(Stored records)
—————

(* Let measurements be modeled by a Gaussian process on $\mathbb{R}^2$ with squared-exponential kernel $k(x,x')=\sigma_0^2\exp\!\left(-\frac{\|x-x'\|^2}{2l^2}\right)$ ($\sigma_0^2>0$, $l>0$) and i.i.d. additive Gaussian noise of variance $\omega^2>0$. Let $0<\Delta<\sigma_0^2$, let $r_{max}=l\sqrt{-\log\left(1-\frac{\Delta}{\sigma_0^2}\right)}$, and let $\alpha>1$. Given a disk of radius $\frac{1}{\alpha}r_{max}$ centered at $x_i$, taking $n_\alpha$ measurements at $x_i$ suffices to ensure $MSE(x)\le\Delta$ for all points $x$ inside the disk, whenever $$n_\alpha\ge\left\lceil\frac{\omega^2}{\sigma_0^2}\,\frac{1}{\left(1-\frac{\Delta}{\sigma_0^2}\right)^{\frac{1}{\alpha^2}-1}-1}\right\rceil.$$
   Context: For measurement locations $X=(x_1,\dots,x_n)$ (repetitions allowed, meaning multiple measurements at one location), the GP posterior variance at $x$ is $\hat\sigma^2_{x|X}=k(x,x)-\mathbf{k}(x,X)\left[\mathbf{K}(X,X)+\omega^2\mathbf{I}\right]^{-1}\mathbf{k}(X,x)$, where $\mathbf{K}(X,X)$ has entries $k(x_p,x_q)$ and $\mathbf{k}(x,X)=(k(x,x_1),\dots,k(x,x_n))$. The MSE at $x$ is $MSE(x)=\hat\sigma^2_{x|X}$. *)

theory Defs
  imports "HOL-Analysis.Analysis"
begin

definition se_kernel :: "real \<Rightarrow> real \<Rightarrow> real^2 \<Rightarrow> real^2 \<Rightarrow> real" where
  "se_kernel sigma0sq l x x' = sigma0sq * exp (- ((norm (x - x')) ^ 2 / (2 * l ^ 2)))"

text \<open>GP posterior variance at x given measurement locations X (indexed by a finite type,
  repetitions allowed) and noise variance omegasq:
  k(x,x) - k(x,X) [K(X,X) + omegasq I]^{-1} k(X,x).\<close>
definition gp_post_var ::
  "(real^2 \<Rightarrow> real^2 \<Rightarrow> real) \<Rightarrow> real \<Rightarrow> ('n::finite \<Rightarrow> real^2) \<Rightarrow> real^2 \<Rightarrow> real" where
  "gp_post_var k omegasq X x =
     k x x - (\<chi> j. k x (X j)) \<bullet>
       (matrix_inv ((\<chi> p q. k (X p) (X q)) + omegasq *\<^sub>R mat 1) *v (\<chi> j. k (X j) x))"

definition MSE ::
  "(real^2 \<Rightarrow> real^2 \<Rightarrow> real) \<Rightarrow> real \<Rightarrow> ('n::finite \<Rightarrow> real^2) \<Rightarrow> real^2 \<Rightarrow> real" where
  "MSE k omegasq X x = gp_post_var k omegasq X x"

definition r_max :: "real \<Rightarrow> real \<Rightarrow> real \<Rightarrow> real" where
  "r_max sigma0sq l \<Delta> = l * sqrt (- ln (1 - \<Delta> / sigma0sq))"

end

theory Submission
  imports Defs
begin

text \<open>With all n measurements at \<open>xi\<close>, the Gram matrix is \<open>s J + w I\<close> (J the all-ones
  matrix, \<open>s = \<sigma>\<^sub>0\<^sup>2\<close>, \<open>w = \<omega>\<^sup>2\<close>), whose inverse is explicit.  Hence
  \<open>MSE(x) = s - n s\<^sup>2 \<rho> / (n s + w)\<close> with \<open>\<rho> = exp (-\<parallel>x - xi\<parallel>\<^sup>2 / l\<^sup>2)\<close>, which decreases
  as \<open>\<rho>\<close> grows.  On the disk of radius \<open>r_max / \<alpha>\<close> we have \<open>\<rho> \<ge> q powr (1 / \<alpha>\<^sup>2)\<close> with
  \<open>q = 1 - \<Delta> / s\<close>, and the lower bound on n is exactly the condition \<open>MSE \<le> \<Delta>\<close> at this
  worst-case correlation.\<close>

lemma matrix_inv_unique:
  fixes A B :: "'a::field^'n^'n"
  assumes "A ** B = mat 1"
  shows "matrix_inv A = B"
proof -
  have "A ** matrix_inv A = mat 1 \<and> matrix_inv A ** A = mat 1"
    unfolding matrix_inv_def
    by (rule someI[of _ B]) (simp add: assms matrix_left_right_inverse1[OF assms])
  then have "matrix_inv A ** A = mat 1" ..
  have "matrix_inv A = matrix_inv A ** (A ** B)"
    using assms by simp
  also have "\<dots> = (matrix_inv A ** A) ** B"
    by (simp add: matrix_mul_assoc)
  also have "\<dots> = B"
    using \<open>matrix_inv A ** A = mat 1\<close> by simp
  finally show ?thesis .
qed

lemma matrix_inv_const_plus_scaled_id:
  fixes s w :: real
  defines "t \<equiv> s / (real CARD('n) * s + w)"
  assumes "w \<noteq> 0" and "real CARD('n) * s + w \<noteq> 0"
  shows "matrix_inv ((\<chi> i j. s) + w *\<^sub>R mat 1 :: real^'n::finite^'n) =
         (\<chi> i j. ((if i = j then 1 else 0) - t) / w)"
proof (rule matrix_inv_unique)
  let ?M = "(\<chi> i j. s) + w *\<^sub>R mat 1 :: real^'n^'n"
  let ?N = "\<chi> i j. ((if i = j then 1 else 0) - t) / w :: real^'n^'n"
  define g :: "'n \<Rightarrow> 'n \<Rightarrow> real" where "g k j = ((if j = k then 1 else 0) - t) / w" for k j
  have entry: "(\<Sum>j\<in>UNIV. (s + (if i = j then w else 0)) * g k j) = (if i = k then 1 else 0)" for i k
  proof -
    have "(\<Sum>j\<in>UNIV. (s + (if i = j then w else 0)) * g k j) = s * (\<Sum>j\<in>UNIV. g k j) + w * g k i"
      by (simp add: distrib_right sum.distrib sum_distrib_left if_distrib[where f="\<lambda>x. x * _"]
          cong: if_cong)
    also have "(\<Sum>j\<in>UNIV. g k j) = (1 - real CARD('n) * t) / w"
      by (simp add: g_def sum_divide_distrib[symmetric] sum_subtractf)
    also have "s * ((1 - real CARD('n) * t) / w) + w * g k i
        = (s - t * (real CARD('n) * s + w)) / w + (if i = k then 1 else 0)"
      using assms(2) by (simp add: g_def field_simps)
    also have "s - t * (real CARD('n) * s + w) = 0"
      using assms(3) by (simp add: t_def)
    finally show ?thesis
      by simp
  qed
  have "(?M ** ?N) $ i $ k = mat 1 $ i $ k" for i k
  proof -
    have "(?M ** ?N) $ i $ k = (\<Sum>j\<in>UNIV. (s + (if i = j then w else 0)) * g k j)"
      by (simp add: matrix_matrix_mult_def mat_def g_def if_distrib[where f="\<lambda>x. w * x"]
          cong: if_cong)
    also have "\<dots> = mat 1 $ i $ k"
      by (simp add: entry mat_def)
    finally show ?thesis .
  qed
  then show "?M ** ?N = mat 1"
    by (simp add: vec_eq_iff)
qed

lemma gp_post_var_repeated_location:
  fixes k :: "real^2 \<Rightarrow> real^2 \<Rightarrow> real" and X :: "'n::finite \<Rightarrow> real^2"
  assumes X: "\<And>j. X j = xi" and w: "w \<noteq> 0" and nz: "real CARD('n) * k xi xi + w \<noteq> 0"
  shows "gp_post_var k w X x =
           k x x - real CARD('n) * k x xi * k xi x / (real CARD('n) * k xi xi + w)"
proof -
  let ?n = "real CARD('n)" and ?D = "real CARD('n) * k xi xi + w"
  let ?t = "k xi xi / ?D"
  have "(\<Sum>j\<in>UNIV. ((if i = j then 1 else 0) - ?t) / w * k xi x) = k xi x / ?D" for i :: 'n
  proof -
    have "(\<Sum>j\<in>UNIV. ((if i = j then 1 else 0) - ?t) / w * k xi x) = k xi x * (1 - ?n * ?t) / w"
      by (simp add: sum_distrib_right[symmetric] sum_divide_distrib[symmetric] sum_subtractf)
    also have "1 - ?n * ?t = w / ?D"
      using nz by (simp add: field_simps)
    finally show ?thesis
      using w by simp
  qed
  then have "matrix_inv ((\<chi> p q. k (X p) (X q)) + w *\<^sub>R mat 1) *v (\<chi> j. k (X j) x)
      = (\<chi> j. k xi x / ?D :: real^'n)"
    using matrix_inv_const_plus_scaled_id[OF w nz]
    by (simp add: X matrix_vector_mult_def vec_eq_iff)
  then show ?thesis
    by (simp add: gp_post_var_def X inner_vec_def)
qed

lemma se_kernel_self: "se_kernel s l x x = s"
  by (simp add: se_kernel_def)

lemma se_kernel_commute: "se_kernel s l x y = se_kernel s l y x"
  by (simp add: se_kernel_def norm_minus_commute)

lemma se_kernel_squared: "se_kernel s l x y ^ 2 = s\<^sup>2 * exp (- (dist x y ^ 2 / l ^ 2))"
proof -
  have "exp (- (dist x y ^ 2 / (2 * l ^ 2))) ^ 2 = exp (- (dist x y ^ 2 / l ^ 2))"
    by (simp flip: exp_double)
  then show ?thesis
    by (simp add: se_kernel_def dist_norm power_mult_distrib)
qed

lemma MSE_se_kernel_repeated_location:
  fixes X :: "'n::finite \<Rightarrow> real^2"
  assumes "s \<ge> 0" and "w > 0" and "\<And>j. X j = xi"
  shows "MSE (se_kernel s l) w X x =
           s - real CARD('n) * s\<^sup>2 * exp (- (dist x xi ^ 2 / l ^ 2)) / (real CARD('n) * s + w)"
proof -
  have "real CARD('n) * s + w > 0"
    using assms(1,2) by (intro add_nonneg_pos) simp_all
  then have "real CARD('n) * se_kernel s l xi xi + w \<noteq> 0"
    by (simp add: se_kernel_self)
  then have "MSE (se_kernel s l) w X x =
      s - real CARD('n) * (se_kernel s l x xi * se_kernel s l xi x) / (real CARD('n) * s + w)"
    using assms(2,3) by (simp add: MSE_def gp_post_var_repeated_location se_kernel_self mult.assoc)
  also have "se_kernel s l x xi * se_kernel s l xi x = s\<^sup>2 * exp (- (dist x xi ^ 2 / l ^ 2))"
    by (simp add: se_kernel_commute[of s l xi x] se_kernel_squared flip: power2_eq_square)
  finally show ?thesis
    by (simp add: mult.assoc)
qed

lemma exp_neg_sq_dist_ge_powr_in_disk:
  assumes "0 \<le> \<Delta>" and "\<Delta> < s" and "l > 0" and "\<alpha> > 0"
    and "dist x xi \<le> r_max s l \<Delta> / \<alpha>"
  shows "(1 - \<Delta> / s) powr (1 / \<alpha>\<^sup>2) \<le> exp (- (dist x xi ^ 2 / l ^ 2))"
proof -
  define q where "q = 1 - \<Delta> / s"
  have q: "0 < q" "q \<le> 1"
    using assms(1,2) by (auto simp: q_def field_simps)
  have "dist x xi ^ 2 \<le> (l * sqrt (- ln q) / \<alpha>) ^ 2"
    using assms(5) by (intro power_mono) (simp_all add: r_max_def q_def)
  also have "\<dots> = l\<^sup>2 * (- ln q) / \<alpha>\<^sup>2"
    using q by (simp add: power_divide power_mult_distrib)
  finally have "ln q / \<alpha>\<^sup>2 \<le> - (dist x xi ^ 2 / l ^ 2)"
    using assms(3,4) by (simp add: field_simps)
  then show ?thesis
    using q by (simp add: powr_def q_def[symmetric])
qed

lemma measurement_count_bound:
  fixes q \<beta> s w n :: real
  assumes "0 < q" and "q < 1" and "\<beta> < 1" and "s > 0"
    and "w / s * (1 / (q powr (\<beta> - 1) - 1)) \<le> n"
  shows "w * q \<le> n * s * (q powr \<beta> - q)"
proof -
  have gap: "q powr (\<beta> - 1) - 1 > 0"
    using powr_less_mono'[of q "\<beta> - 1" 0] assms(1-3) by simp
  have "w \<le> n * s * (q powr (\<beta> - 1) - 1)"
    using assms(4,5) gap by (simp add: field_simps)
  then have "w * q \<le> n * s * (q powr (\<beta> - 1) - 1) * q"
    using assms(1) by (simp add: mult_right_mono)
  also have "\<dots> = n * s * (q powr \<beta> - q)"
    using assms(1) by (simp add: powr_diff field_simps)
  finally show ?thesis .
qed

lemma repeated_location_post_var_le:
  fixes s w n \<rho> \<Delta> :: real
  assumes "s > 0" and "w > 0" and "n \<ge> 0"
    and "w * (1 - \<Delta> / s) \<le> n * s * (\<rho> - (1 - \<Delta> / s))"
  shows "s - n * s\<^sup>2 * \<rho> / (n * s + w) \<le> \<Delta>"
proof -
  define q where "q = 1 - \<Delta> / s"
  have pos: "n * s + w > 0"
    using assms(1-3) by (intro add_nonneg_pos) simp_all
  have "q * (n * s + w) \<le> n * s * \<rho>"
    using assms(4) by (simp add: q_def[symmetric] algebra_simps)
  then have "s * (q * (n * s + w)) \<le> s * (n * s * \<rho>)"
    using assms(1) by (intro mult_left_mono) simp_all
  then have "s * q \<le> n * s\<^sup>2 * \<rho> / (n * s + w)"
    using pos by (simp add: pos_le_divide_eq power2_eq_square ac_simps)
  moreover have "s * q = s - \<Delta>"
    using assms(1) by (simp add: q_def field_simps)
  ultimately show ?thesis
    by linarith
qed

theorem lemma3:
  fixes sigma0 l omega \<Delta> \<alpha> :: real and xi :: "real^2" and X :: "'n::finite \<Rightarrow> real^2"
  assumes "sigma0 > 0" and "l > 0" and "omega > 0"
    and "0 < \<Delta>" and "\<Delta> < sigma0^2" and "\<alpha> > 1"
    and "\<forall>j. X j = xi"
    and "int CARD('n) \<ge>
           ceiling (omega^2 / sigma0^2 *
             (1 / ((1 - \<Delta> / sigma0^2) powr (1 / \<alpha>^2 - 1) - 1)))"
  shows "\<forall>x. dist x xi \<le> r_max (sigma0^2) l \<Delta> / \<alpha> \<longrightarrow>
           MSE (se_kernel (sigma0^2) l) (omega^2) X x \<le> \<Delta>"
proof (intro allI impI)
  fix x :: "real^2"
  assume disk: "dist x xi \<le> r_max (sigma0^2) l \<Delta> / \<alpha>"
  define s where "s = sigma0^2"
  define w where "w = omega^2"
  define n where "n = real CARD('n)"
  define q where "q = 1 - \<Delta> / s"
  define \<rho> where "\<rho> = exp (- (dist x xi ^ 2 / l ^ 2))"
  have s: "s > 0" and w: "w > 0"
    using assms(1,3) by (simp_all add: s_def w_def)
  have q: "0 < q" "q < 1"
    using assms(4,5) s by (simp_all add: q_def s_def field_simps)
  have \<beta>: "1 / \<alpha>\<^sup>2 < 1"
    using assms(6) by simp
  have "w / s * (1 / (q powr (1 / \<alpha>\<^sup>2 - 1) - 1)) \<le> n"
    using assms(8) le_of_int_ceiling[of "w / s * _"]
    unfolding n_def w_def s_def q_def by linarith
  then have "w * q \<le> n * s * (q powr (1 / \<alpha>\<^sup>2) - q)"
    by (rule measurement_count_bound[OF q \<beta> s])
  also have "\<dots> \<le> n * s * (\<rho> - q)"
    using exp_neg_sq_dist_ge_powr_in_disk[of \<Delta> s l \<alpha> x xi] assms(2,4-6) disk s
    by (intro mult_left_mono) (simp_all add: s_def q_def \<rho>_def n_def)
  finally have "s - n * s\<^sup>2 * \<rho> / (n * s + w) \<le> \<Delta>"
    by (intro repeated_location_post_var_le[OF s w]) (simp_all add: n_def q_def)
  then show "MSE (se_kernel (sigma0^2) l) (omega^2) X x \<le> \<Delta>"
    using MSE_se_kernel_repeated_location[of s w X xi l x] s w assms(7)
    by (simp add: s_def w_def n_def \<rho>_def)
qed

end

—————

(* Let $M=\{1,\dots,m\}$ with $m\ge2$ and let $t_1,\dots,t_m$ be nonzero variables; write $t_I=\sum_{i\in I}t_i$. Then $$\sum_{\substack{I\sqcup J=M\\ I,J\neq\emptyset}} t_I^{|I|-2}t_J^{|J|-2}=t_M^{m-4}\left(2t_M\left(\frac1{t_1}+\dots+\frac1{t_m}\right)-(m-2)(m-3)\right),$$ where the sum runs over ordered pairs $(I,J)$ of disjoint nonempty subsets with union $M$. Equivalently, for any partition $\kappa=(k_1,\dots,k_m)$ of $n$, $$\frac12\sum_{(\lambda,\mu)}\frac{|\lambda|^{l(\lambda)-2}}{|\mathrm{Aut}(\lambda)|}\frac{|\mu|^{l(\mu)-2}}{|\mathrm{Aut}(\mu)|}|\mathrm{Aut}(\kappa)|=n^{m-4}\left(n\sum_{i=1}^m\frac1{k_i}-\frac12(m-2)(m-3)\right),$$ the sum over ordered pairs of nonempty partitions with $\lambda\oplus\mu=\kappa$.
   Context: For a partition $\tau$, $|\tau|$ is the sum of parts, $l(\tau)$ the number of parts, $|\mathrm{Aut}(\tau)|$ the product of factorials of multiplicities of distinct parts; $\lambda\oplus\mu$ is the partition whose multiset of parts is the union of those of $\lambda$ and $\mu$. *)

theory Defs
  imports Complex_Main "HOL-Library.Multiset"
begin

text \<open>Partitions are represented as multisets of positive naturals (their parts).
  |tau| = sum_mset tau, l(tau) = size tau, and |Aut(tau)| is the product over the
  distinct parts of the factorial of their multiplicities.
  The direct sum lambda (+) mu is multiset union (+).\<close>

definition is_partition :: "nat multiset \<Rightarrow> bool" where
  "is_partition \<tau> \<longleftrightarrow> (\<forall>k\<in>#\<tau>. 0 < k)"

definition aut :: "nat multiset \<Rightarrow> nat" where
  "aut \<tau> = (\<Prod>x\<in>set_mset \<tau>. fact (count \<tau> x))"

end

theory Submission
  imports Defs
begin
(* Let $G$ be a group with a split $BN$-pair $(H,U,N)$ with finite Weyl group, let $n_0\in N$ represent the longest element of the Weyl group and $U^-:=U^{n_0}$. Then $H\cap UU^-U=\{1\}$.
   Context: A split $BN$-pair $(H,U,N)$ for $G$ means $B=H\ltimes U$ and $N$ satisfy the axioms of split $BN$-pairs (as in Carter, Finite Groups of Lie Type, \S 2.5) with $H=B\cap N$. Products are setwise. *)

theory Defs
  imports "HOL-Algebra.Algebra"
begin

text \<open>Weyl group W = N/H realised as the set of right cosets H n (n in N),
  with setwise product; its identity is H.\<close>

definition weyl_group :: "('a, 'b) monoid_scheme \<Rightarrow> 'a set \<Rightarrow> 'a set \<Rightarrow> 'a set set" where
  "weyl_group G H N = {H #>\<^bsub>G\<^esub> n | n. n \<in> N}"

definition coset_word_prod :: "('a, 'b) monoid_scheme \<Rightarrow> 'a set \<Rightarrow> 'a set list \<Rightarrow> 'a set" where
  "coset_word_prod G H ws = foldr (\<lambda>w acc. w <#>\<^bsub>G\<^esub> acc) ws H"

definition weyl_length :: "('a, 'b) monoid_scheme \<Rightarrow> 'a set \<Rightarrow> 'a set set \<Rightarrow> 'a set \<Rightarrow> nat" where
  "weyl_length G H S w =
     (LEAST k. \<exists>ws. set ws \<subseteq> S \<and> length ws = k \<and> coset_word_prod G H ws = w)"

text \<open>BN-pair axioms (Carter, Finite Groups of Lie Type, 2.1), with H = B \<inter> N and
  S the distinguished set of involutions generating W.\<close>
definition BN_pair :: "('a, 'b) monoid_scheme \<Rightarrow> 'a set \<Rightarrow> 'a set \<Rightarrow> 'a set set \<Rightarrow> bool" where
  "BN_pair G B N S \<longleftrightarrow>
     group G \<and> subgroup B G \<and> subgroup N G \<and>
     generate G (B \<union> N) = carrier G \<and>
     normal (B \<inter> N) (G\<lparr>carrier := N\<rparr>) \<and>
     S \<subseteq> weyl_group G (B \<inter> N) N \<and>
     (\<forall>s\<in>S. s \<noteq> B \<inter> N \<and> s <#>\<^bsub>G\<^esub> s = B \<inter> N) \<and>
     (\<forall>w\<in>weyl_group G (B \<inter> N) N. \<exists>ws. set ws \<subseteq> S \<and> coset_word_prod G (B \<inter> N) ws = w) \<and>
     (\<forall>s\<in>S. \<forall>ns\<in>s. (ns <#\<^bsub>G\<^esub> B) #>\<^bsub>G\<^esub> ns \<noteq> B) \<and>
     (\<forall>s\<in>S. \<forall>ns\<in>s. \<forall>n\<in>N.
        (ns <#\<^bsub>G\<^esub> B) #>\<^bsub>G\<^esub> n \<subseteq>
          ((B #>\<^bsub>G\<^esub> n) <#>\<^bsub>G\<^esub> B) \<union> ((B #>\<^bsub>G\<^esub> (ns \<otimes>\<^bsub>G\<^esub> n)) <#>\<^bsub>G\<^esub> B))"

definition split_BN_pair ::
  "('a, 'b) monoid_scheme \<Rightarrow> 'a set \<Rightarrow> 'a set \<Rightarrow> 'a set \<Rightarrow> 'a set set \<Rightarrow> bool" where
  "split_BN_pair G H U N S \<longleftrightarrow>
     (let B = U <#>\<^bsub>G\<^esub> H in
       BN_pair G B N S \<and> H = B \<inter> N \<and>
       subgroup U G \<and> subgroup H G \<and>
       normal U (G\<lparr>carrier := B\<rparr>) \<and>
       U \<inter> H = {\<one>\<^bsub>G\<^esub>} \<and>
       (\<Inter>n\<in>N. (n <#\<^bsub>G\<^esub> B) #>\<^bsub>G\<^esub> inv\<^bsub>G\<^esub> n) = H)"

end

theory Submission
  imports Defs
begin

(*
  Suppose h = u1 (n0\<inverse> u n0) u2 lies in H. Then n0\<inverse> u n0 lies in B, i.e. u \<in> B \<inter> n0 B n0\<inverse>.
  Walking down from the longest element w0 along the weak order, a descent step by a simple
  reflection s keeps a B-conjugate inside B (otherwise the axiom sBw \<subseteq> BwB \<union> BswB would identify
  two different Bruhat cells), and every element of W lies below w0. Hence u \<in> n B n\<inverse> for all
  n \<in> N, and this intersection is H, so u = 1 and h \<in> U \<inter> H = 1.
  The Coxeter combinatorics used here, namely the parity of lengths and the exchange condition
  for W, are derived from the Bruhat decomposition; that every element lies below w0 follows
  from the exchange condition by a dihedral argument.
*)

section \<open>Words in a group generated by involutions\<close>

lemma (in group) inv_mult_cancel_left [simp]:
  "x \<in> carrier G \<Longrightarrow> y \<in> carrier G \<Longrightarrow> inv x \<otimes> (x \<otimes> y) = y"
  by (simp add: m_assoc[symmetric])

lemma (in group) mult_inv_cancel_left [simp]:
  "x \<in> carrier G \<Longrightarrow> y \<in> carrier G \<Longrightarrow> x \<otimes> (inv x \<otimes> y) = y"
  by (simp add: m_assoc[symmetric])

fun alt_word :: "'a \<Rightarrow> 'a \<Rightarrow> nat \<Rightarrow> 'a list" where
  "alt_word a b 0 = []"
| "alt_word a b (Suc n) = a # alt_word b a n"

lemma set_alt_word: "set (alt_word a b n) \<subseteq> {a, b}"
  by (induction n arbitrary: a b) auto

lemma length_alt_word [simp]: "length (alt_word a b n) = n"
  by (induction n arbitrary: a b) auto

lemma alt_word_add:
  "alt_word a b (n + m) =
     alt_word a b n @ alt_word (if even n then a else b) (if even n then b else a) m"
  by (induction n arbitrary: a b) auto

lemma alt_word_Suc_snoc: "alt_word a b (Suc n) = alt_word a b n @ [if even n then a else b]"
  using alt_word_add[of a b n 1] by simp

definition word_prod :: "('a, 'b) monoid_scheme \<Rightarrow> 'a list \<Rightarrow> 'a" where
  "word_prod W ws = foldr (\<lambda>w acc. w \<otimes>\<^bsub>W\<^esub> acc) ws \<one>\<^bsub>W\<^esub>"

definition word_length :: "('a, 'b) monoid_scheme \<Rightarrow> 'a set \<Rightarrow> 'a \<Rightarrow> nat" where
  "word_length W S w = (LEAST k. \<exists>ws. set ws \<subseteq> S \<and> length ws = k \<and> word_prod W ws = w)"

—————

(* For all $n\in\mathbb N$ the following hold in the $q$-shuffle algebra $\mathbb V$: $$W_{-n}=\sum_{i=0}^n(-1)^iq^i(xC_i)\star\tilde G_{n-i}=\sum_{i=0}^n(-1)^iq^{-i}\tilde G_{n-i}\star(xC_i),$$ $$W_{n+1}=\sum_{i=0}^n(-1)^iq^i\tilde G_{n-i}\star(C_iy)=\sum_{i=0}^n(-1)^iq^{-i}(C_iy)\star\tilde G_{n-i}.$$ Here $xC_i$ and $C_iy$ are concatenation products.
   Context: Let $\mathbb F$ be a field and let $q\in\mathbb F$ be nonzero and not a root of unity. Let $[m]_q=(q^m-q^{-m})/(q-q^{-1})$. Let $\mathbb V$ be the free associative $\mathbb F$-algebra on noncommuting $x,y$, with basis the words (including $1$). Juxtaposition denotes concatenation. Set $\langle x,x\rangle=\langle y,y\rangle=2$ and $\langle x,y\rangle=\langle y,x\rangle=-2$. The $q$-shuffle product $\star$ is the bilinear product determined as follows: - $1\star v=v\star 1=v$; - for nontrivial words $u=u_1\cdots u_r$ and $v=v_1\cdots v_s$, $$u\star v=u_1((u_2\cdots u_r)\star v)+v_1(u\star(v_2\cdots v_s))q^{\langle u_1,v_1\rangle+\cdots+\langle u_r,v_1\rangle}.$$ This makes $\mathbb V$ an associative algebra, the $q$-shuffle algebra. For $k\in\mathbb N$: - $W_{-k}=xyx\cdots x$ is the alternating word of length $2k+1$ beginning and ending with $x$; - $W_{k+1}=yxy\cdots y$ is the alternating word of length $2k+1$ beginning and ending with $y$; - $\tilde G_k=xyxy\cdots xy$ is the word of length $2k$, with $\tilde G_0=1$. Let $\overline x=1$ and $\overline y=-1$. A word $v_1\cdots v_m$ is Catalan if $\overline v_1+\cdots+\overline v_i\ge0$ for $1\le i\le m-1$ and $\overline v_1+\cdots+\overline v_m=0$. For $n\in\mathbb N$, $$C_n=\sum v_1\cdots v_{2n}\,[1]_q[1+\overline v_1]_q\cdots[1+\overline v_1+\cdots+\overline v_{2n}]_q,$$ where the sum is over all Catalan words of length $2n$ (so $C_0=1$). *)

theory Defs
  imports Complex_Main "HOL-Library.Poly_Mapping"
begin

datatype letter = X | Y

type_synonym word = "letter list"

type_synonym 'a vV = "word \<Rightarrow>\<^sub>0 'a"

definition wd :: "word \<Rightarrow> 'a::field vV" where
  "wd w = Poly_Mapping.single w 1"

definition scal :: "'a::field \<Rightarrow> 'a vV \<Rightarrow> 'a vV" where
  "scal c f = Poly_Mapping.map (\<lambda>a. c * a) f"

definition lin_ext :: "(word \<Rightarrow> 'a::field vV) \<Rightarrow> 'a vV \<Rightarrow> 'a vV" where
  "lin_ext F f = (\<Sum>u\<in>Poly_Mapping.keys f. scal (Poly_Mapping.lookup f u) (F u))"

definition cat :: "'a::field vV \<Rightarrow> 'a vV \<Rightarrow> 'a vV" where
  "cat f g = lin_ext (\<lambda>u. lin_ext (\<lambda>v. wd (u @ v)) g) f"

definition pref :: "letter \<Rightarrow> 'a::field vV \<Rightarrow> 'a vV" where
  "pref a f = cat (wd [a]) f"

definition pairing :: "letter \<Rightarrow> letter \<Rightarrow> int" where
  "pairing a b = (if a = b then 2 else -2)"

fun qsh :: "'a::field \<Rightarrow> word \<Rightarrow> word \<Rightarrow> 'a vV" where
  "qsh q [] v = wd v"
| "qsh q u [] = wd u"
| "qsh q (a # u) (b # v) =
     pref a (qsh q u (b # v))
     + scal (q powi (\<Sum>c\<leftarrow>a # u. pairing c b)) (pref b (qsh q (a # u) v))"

—————

» **To do**: For this exercise, output exactly the lines above from the line with "A = matrix_inv" to the line with "s / (real CARD('n)", counting both, and leave out the rest.

» **Problem solution**:
  have "matrix_inv A = matrix_inv A ** (A ** B)"
    using assms by simp
  also have "\<dots> = (matrix_inv A ** A) ** B"
    by (simp add: matrix_mul_assoc)
  also have "\<dots> = B"
    using \<open>matrix_inv A ** A = mat 1\<close> by simp
  finally show ?thesis .
qed

lemma matrix_inv_const_plus_scaled_id:
  fixes s w :: real
  defines "t \<equiv> s / (real CARD('n) * s + w)"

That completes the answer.